What were the reasons for this apocalyptic situation? How could it have had such an impact on the market? What can you expect next?
FTT AT ALAMEDA RESEARCH: THE BEGINNING OF THE NIGHTMARE
On November 2, CoinDesk media revealed a close connection between FTX and Alamada Research, the two companies of Sam Bankman-Fried (known as SBF). Indeed, according to a financial document CoinDesk reportedly reviewed, as of June 30 this year, Alamada Research’s assets would consist of $3.66 billion in “unlocked FTT”, out of a total of $14.6 billion. Liabilities would show $292 million in FTT, out of a total of $8 billion. The problem is that the “FTT” is the exchange token issued by the FTX company, suggesting that the SBF empire could have liquidity and insolvency problems.
Four days later, Alameda Research CEO Caroline Ellison spoke about the situation, specifying that this report “only covers a subset of [nos] legal persons”.
INTERVENTION OF CZ ON TWITTER AND FALL OF FTT
Changpeng Zhao (known as CZ), CEO of Binance, announced on November 7 in response to these revelations that it had made the decision to sell its $2.1 billion stake in FTX (including FTT and BUSD stablecoins), with particularly considered for risk.

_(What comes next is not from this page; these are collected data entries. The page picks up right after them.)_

(* Let $|\psi_{{\sf A}{\sf B}}\rangle\in\mathbb C^{d_{\sf A}}\otimes\mathbb C^{d_{\sf B}}$ be a unit vector and $\hat F_{\sf B}=\sum_i\alpha_i|\phi_i\rangle\langle\phi_i|^{\otimes2}$ with unit vectors $\phi_i\in\mathbb C^{d_{\sf B}}$ and $\alpha_i>0$ (acting on factors $2,4$). Define $\bar\omega_{{\sf A}|F_{\sf B}}=\mathrm{tr}_{\sf B}\big(S_{\sf A}\hat F_{\sf B}|\psi_{{\sf A}{\sf B}}\rangle\langle\psi_{{\sf A}{\sf B}}|^{\otimes2}\big)+\mathrm{tr}\big(|\psi_{{\sf A}{\sf B}}\rangle\langle\psi_{{\sf A}{\sf B}}|^{\otimes2}A_{\sf A}A_{\sf B}\big)\frac{\mathrm{tr}(\hat F_{\sf B})}{\mathrm{tr}(S_{\sf B})}\tilde S_{\sf A}$, and, when $\mathrm{tr}(\bar\omega_{{\sf A}|F_{\sf B}})>0$, the normalised conditional state $\tilde\omega_{{\sf A}|F_{\sf B}}=\bar\omega_{{\sf A}|F_{\sf B}}/\mathrm{tr}(\bar\omega_{{\sf A}|F_{\sf B}})$. Then $\tilde\omega_{{\sf A}|F_{\sf B}}$ belongs to the convex hull of $\{|\varphi\rangle\langle\varphi|^{\otimes2}:\varphi\in\mathbb C^{d_{\sf A}},\ \|\varphi\|=1\}$.
   Context: $|\psi_{{\sf A}{\sf B}}\rangle^{\otimes2}$ is regarded as a vector in $\mathbb C^{d_{\sf A}}_1\otimes\mathbb C^{d_{\sf B}}_2\otimes\mathbb C^{d_{\sf A}}_3\otimes\mathbb C^{d_{\sf B}}_4$; $\mathrm{tr}_{\sf B}$ is the partial trace over factors $2,4$. $S_{\sf A}$, $A_{\sf A}$ are the projectors onto the symmetric and antisymmetric subspaces of $\mathbb C^{d_{\sf A}}_1\otimes\mathbb C^{d_{\sf A}}_3$; $S_{\sf B}$, $A_{\sf B}$ those of $\mathbb C^{d_{\sf B}}_2\otimes\mathbb C^{d_{\sf B}}_4$ (extended by identities where needed); $\tilde S_{\sf A}=S_{\sf A}/\mathrm{tr}S_{\sf A}$. *)

theory Defs
  imports "HOL-Analysis.Analysis"
begin

text \<open>Finite-dimensional complex spaces are modelled as complex vectors indexed by
finite types: C^{d_A} = complex^'a, C^{d_B} = complex^'b.  The four-fold space
C^{d_A}_1 (x) C^{d_B}_2 (x) C^{d_A}_3 (x) C^{d_B}_4 is indexed by 'a * 'b * 'a * 'b.\<close>

type_synonym ('a, 'b) idx4 = "'a \<times> 'b \<times> 'a \<times> 'b"

definition msc :: "complex \<Rightarrow> complex^'n::finite^'m::finite \<Rightarrow> complex^'n^'m" where
  "msc c M = (\<chi> i j. c * M$i$j)"

definition proj :: "complex^'n::finite \<Rightarrow> complex^'n^'n" where
  "proj v = (\<chi> i j. v$i * cnj (v$j))"

definition vtensor :: "complex^'m::finite \<Rightarrow> complex^'n::finite \<Rightarrow> complex^('m \<times> 'n)" where
  "vtensor v w = vec_lambda (\<lambda>(i, j). v$i * w$j)"

definition psi2 :: "complex^('a::finite \<times> 'b::finite) \<Rightarrow> complex^(('a, 'b) idx4)" where
  "psi2 \<psi> = vec_lambda (\<lambda>(a1, b2, a3, b4). \<psi>$(a1, b2) * \<psi>$(a3, b4))"

definition symP :: "complex^('c::finite \<times> 'c)^('c \<times> 'c)" where
  "symP = (vec_lambda (\<lambda>(i, j). vec_lambda (\<lambda>(i', j').
      ((if i = i' \<and> j = j' then 1 else 0) + (if i = j' \<and> j = i' then 1 else 0)) / 2)))"

definition asymP :: "complex^('c::finite \<times> 'c)^('c \<times> 'c)" where
  "asymP = (vec_lambda (\<lambda>(i, j). vec_lambda (\<lambda>(i', j').
      ((if i = i' \<and> j = j' then 1 else 0) - (if i = j' \<and> j = i' then 1 else 0)) / 2)))"
lemma (in group) central_torsion_iso_image:
  assumes fin: "finite (carrier G)" and \<phi>: "\<phi> \<in> iso G G"
  shows "\<phi> ` central_torsion G P = central_torsion G P"
proof -
  have hom: "\<phi> \<in> hom G G" and bij: "bij_betw \<phi> (carrier G) (carrier G)" using \<phi>
    by (auto simp: iso_def)
  have A: "central_torsion G P \<subseteq> carrier G" by (auto simp: central_torsion_def centralizer_def)
  have "\<phi> z \<in> central_torsion G P" if z: "z \<in> central_torsion G P" for z
  proof -
    obtain n where n: "P n" "z [^] n = \<one>" using z by (auto simp: central_torsion_def)
    have zc: "z \<in> carrier G" using z A by blast
    have "\<phi> z \<otimes> \<phi> g0 = \<phi> g0 \<otimes> \<phi> z" if "g0 \<in> carrier G" for g0
      using z that hom_mult[OF hom] zc
      by (simp add: central_torsion_def centralizer_def flip: hom_mult[OF hom])
    then have "\<phi> z \<otimes> g = g \<otimes> \<phi> z" if "g \<in> carrier G" for g
      using that bij by (metis bij_betw_imp_surj_on imageE)
    moreover have "\<phi> z [^] n = \<one>"
      using hom_nat_pow[OF hom zc is_group is_group, symmetric] hom_one[OF hom is_group is_group] n
      by simp
    ultimately show ?thesis using hom zc n(1)
      by (auto simp: central_torsion_def centralizer_def hom_def)
  qed
  then have "\<phi> ` central_torsion G P \<subseteq> central_torsion G P" by blast
  moreover have "card (\<phi> ` central_torsion G P) = card (central_torsion G P)"
    using card_image inj_on_subset[OF bij_betw_imp_inj_on[OF bij] A] by blast
  ultimately show ?thesis using card_subset_eq finite_subset[OF A fin] by blast
qed

text \<open>Splitting off the \<open>p\<close>-part: \<open>z = inv (z [^] (q * w)) \<otimes> z [^] (p ^ a * u)\<close> where
  \<open>order G = p ^ a * q\<close> and \<open>p ^ a * u = q * w + 1\<close>.\<close>
lemma (in group) card_center_le:
  fixes p :: nat
  assumes fin: "finite (carrier G)" and p: "Factorial_Ring.prime p"
  shows "card (centralizer G (carrier G)) \<le>
    card (central_torsion G (\<lambda>n. \<exists>j. n = p ^ j)) * card (central_torsion G (\<lambda>n. coprime n p))"
proof -
  define Z where "Z = centralizer G (carrier G)"
  define Zp where "Zp = central_torsion G (\<lambda>n. \<exists>j. n = p ^ j)"
  define A where "A = central_torsion G (\<lambda>n. coprime n p)"
  have sZ: "subgroup Z G" using subgroup_centralizer Z_def by simp
  have "order G \<noteq> 0" using fin by (simp add: order_gt_0_iff_finite[symmetric])
  moreover have "\<not> is_unit p" using prime_gt_1_nat[OF p] by simp
  ultimately obtain q where q: "order G = p ^ multiplicity p (order G) * q" "\<not> p dvd q"
    using multiplicity_decompose' by blast
  define a where "a = multiplicity p (order G)"
  have "coprime (p ^ a) q" using q(2) p by (simp add: prime_imp_coprime coprime_commute)
  moreover obtain u w where "p ^ a * u = q * w + gcd (p ^ a) q"
    using bezout_nat[of "p ^ a" q] p prime_gt_0_nat by auto
  ultimately have uw: "p ^ a * u = Suc (q * w)" by simp
  have "Z \<subseteq> (\<lambda>(x, y). x \<otimes> y) ` (Zp \<times> A)"
  proof
    fix z assume zZ: "z \<in> Z"
    have zc: "z \<in> carrier G" using zZ Z_def by (simp add: centralizer_def)
    have zo: "z [^] (p ^ a * q) = \<one>" using pow_order_eq_1[OF zc] q(1) a_def by simp
    define z1 where "z1 = inv (z [^] (q * w))"
    define z2 where "z2 = z [^] (p ^ a * u)"
    have "z1 [^] (p ^ a) = inv ((z [^] (p ^ a * q)) [^] w)"
      using zc by (simp add: z1_def nat_pow_inv nat_pow_pow ac_simps)
    then have "z1 \<in> Zp"
      using zo subgroup.m_inv_closed[OF sZ subgroup_nat_pow_closed[OF sZ zZ]]
      by (auto simp: Zp_def z1_def central_torsion_def Z_def)
    moreover have "z2 [^] q = (z [^] (p ^ a * q)) [^] u"
      using zc by (simp add: z2_def nat_pow_pow ac_simps)
    then have "z2 \<in> A"
      using zo subgroup_nat_pow_closed[OF sZ zZ] q(2) p
      by (auto simp: A_def z2_def central_torsion_def Z_def prime_imp_coprime coprime_commute
          intro!: exI[of _ q])
    moreover have "z = z1 \<otimes> z2" using uw zc by (simp add: z1_def z2_def)
    ultimately show "z \<in> (\<lambda>(x, y). x \<otimes> y) ` (Zp \<times> A)" by force
  qed
  moreover have "finite (Zp \<times> A)" using finite_central_torsion[OF fin] by (simp add: Zp_def A_def)
  ultimately have "card Z \<le> card (Zp \<times> A)"
    by (meson card_image_le card_mono finite_imageI le_trans)
  then show ?thesis by (simp add: Z_def Zp_def A_def card_cartesian_product)
qed
text \<open>Nodes and edges of the block-cut forest T_G: Inl B for a block, Inr v for a cut vertex.\<close>
definition bc_node :: "'a set \<Rightarrow> ('a \<Rightarrow> 'a \<Rightarrow> bool) \<Rightarrow> ('a set + 'a) \<Rightarrow> bool" where
  "bc_node J E x \<longleftrightarrow> (case x of Inl B \<Rightarrow> is_block J E B | Inr v \<Rightarrow> is_cut J E v)"

definition bc_adj :: "'a set \<Rightarrow> ('a \<Rightarrow> 'a \<Rightarrow> bool) \<Rightarrow> ('a set + 'a) \<Rightarrow> ('a set + 'a) \<Rightarrow> bool" where
  "bc_adj J E x y \<longleftrightarrow>
     (\<exists>B v. is_block J E B \<and> is_cut J E v \<and> v \<in> B \<and>
        ((x = Inl B \<and> y = Inr v) \<or> (x = Inr v \<and> y = Inl B)))"

text \<open>Nodes with no
  parent are the roots (one per component).\<close>
definition rooting :: "'a set \<Rightarrow> ('a \<Rightarrow> 'a \<Rightarrow> bool) \<Rightarrow> (('a set + 'a) \<Rightarrow> ('a set + 'a) option) \<Rightarrow> bool" where
  "rooting J E par \<longleftrightarrow>
     (\<forall>x y. par x = Some y \<longrightarrow> bc_node J E x \<and> bc_adj J E x y) \<and>
     (\<forall>x y. bc_adj J E x y \<longrightarrow> par x = Some y \<or> par y = Some x) \<and>
     (\<forall>x. \<not> (\<lambda>a b. par a = Some b)\<^sup>+\<^sup>+ x x)"

text \<open>anc par x y: x is an ancestor of y or x = y.\<close>
definition anc :: "('n \<Rightarrow> 'n option) \<Rightarrow> 'n \<Rightarrow> 'n \<Rightarrow> bool" where
  "anc par x y \<longleftrightarrow> (\<lambda>a b. par a = Some b)\<^sup>*\<^sup>* y x"

definition preorder_traversal :: "('n \<Rightarrow> 'n option) \<Rightarrow> 'n set \<Rightarrow> 'n list \<Rightarrow> bool" where
  "preorder_traversal par N ns \<longleftrightarrow> distinct ns \<and> set ns = N \<and>
     (\<forall>i j. i < length ns \<and> j < length ns \<and> anc par (ns ! i) (ns ! j) \<longrightarrow> i \<le> j) \<and>
     (\<forall>i j k. i < j \<and> j < k \<and> k < length ns \<and> anc par (ns ! i) (ns ! k) \<longrightarrow> anc par (ns ! i) (ns ! j))"

definition load :: "('a \<rightharpoonup> nat) \<Rightarrow> nat \<Rightarrow> nat" where
  "load \<sigma> M = card {j. \<sigma> j = Some M}"
text \<open>Final NTK, leading order (the O(sigma^2) term neglected):
  K_f = |beta| X^T (bhat bhat^T + I) X, with bhat = beta/|beta|.\<close>
definition ntk_final :: "real^'m^'d \<Rightarrow> real^'d \<Rightarrow> real^'m^'m" where
  "ntk_final X \<beta> = norm \<beta> *\<^sub>R (transpose X **
      (outer (\<beta> /\<^sub>R norm \<beta>) (\<beta> /\<^sub>R norm \<beta>) + mat 1) ** X)"

definition beta_law :: "('d::finite \<Rightarrow> real) measure" where
  "beta_law = PiM UNIV (\<lambda>_. density lborel (normal_density 0 (sqrt (1 / real CARD('d)))))"

definition expected_KA :: "real^'m^'d::finite \<Rightarrow> real^'d^'n \<Rightarrow> real^'n \<Rightarrow> real" where
  "expected_KA X W1 W2 =
     (\<integral>g. kernel_alignment (ntk_final X (\<chi> i. g i)) (ntk_init X W1 W2) \<partial>beta_law)"

definition sq_singular_values :: "real^'d^'n \<Rightarrow> real set" where
  "sq_singular_values W = {s. \<exists>v. v \<noteq> 0 \<and> (transpose W ** W) *v v = s *\<^sub>R v}"

end

theory Submission
  imports Defs
begin

text \<open>
  Whitening makes conjugation by X an isometry for the trace pairing and the Frobenius norm, so
  the alignment of the two kernels is that of bhat bhat^T + I with M + |W2|^2 I, where
  M = W1^T W1; the task enters only through the quadratic form bhat^T M bhat. The law of beta is
  invariant under sign changes and permutations of coordinates, hence E[bhat bhat^T] = I/d and
  the expected alignment is an explicit function of trace M and of the Frobenius norm of
  M + |W2|^2 I. For trace M = sigma^2 this norm is, up to a constant, the Frobenius distance of M
  from (sigma^2/d) I, so the expected alignment is maximal exactly when M = (sigma^2/d) I, i.e.
  when all squared singular values of W1 equal sigma^2/d; such W1 exist because N >= d.
\<close>


section \<open>Frobenius norm, trace and anisotropy\<close>

lemma matrix_add_rdistrib: "((A :: 'a::semiring_1^'n^'m) + B) ** C = A ** C + B ** C"
  by (simp add: matrix_matrix_mult_def vec_eq_iff sum.distrib distrib_right)

lemma trace_scaleR: "trace (c *\<^sub>R A) = c * trace A"
  by (simp add: trace_def sum_distrib_left)

lemma frob_norm_nonneg: "0 \<le> frob_norm A"
  unfolding frob_norm_def by (simp add: sum_nonneg)

lemma frob_norm_squared: "(frob_norm A)\<^sup>2 = (\<Sum>i\<in>UNIV. \<Sum>j\<in>UNIV. (A$i$j)\<^sup>2)"
  unfolding frob_norm_def by (simp add: sum_nonneg)

lemma frob_norm_eq_0_iff: "frob_norm A = 0 \<longleftrightarrow> A = 0"
  unfolding frob_norm_def by (simp add: sum_nonneg sum_nonneg_eq_0_iff vec_eq_iff)

lemma frob_norm_scaleR: "frob_norm (c *\<^sub>R A) = \<bar>c\<bar> * frob_norm A"
  unfolding frob_norm_def
  by (simp add: power_mult_distrib sum_distrib_left[symmetric] real_sqrt_mult)

lemma frob_norm_squared_eq_trace: "(frob_norm A)\<^sup>2 = trace (transpose A ** A)"
  unfolding frob_norm_squared trace_def
  by (subst sum.swap) (simp add: matrix_matrix_mult_def transpose_def power2_eq_square)

lemma frob_norm_add_scaleR_mat_squared:
  fixes M :: "real^'d^'d"
  shows "(frob_norm (M + p *\<^sub>R mat 1))\<^sup>2 = (frob_norm M)\<^sup>2 + 2 * p * trace M + real CARD('d) * p\<^sup>2"
proof -
  have "((M + p *\<^sub>R mat 1)$i$j)\<^sup>2 = (M$i$j)\<^sup>2 + (if i = j then 2 * p * M$i$i + p\<^sup>2 else 0)" for i j
    by (simp add: mat_def power2_eq_square algebra_simps)
  then show ?thesis
    by (simp add: frob_norm_squared sum.distrib trace_def sum_distrib_left)
qed

definition anisotropy :: "real^'d^'d \<Rightarrow> real" where
  "anisotropy M = frob_norm (M - (trace M / real CARD('d)) *\<^sub>R mat 1)"

lemma anisotropy_nonneg: "0 \<le> anisotropy M"
  unfolding anisotropy_def by (rule frob_norm_nonneg)

lemma anisotropy_eq_0_iff:
  fixes M :: "real^'d^'d"
  shows "anisotropy M = 0 \<longleftrightarrow> M = (trace M / real CARD('d)) *\<^sub>R mat 1"
  unfolding anisotropy_def frob_norm_eq_0_iff by simp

This announcement, made publicly on Twitter, was felt instantly, sending the price of FTX’s proprietary cryptocurrency down 30% overnight.
According to Bloomberg, FTX’s stablecoin reserves fell to $114 million on the same day, from $394 million three days earlier.
Further tweets were then posted to both CEOs’ accounts discussing FTX’s creditworthiness. SBF claimed in these tweets that they had no problem processing withdrawals and that the money was safe.
FTX INSOLVENCY AND CONSEQUENCES
Despite SBF’s attempt to calm down, investors were not convinced. The next day, Tuesday, November 8, the FTT continued to fall as withdrawals piled up on the FTX platform. The more time passed, the fewer withdrawals were processed. At the same time, the price of FTT continued to decline. These events have confirmed investors’ fears and hopes of ever seeing their money back have become increasingly dim for users.
FTX then spoke on twitter, the platform announced that it had entered Chapter 11 bankruptcy proceedings in the United States. The world’s No. 2 stock exchange has gone under the US bankruptcy regime. The group then claimed more than 100,000 creditors with debts estimated at between $10 and $50 billion.
The bankruptcy concerns FTX.com and FTX.us while the Bahamian subsidiary of FTX is not included in the restructuring plan. In addition, the platform’s CEO Sam Bankman-Fried officially announced his resignation on Friday, November 11. John J. Ray III has been appointed as interim CEO until light is shed on this story.
Many users have therefore lost their entire wallet, withdrawals are blocked for them both in the United States and in the European zone. As of last Friday, it appears that the platform has not completed any withdrawals. This decision would surely come from FTX’s new management.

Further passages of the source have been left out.